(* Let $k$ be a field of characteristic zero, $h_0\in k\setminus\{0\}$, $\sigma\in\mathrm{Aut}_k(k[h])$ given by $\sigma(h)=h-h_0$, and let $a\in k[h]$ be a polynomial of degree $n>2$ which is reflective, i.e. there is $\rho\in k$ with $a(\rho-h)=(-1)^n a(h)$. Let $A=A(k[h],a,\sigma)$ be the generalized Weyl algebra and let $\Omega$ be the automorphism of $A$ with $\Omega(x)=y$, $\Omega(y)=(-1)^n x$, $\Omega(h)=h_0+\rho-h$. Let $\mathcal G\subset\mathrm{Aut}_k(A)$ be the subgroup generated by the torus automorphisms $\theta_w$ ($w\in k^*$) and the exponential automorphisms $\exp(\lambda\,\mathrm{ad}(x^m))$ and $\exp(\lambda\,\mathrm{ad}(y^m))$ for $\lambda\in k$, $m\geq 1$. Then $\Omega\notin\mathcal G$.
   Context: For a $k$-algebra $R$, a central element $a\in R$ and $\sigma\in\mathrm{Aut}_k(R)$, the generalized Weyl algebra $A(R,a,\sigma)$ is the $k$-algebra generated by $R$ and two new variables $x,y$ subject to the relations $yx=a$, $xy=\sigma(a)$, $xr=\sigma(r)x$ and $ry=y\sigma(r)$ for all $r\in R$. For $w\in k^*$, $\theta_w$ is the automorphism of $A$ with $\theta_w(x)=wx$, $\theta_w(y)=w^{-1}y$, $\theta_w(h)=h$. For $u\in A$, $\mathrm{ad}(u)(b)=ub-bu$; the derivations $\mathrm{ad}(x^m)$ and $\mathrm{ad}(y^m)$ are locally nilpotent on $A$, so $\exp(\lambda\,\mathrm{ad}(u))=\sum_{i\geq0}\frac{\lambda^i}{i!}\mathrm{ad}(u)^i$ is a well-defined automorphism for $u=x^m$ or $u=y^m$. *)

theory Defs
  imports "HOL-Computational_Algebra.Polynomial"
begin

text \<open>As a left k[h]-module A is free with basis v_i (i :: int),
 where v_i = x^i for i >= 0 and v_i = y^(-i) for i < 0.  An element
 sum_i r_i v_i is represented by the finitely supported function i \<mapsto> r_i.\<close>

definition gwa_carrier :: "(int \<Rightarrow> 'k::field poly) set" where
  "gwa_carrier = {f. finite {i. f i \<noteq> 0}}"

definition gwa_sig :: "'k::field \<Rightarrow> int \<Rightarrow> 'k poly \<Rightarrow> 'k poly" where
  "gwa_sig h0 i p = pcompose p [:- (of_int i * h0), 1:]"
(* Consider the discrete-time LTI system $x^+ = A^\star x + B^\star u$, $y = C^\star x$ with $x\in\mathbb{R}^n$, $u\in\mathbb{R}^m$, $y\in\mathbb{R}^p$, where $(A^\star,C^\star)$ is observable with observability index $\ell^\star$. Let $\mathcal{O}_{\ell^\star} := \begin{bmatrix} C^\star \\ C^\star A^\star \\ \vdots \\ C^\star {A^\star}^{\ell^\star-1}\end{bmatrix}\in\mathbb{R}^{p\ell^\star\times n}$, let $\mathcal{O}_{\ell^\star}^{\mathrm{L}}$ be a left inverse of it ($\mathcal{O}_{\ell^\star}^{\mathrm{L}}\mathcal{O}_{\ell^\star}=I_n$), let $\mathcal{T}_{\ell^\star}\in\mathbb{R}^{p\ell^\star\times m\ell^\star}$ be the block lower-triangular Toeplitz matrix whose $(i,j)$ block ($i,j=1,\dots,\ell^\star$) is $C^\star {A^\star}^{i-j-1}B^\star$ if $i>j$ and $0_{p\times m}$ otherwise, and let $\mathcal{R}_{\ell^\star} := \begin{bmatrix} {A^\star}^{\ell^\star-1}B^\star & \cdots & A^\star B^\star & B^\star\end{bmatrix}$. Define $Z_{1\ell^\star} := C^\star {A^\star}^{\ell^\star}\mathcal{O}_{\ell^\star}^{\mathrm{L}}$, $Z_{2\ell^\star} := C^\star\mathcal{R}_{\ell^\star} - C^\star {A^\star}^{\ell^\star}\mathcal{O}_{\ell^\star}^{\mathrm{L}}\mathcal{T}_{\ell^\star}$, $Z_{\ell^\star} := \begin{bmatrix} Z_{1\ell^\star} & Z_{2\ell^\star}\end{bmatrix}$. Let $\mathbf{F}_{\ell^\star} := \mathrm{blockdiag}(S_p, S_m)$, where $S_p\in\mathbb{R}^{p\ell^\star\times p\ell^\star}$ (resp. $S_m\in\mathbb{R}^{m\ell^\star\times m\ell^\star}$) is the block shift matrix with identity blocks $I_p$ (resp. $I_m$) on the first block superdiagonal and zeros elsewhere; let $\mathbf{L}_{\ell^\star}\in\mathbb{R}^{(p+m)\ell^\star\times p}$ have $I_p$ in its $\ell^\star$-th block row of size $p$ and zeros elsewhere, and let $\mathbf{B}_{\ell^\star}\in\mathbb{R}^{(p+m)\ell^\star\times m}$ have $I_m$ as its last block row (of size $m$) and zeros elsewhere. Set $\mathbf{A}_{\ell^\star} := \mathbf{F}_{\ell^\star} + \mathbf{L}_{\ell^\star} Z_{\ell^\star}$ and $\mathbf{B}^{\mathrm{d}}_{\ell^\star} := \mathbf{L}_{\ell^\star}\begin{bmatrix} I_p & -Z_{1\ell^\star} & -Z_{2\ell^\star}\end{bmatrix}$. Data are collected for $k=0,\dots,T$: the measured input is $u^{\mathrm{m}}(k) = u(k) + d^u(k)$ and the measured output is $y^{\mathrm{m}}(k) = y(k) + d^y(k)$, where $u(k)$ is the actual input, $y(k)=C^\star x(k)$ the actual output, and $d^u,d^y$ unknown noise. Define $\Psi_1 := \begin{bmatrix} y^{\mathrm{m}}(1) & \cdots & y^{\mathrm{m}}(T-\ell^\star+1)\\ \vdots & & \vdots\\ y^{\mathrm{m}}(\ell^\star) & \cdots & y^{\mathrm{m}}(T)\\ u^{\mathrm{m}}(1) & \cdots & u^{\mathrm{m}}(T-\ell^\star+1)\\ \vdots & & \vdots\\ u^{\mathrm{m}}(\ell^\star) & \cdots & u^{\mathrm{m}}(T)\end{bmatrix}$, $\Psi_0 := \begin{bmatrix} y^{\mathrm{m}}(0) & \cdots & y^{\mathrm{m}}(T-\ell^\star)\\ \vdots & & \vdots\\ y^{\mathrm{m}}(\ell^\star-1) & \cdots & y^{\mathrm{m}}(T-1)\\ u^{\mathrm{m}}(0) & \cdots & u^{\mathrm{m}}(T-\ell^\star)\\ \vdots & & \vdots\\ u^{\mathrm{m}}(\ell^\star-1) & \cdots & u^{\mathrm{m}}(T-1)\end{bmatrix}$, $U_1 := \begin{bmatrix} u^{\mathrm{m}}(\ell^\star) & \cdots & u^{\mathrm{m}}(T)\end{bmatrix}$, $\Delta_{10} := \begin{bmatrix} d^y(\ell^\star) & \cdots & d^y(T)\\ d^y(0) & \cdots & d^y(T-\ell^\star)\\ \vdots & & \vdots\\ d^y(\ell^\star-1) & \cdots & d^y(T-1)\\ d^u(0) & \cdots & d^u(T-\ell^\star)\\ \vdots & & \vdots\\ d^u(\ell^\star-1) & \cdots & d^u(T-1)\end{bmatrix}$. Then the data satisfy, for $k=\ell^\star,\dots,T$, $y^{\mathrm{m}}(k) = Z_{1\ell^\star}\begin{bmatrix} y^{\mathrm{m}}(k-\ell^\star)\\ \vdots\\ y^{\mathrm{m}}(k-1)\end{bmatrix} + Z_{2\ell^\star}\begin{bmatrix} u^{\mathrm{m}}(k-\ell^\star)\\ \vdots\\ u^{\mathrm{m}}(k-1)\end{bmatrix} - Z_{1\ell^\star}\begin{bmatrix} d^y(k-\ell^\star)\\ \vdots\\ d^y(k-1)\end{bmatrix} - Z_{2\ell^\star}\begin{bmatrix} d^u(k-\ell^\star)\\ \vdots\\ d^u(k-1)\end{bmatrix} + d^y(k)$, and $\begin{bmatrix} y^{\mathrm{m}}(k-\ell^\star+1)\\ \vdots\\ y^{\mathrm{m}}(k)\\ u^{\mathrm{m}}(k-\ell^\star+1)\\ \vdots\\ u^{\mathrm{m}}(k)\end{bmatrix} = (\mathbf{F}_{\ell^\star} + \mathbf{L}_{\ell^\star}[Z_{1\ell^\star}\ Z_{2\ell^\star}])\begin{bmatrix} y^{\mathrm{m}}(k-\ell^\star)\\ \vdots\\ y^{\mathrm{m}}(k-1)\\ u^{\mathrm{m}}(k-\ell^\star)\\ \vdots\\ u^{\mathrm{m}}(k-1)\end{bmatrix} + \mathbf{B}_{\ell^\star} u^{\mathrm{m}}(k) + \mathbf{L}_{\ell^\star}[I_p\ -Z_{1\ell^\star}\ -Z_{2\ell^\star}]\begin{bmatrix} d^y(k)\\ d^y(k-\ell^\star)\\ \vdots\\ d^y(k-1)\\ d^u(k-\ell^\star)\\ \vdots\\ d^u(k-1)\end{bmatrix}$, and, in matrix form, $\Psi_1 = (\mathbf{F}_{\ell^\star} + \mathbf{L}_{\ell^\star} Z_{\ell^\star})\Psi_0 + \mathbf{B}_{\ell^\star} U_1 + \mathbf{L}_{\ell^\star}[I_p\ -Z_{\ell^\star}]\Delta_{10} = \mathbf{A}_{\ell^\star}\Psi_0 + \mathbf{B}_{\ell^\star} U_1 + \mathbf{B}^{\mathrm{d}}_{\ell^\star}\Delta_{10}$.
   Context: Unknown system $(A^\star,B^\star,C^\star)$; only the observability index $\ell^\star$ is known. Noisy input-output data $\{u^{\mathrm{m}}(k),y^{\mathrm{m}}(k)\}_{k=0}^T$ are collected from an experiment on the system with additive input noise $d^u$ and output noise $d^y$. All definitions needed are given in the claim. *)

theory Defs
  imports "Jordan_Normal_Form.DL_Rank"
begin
################
- **Work required**
Retype the portion of the data above that starts on the line with "Context: For a" and finishes on the line with "where v_i = x^i", including both of those lines.

- **Answer to this problem**
   Context: For a $k$-algebra $R$, a central element $a\in R$ and $\sigma\in\mathrm{Aut}_k(R)$, the generalized Weyl algebra $A(R,a,\sigma)$ is the $k$-algebra generated by $R$ and two new variables $x,y$ subject to the relations $yx=a$, $xy=\sigma(a)$, $xr=\sigma(r)x$ and $ry=y\sigma(r)$ for all $r\in R$. For $w\in k^*$, $\theta_w$ is the automorphism of $A$ with $\theta_w(x)=wx$, $\theta_w(y)=w^{-1}y$, $\theta_w(h)=h$. For $u\in A$, $\mathrm{ad}(u)(b)=ub-bu$; the derivations $\mathrm{ad}(x^m)$ and $\mathrm{ad}(y^m)$ are locally nilpotent on $A$, so $\exp(\lambda\,\mathrm{ad}(u))=\sum_{i\geq0}\frac{\lambda^i}{i!}\mathrm{ad}(u)^i$ is a well-defined automorphism for $u=x^m$ or $u=y^m$. *)

theory Defs
  imports "HOL-Computational_Algebra.Polynomial"
begin

text \<open>As a left k[h]-module A is free with basis v_i (i :: int),
 where v_i = x^i for i >= 0 and v_i = y^(-i) for i < 0.  An element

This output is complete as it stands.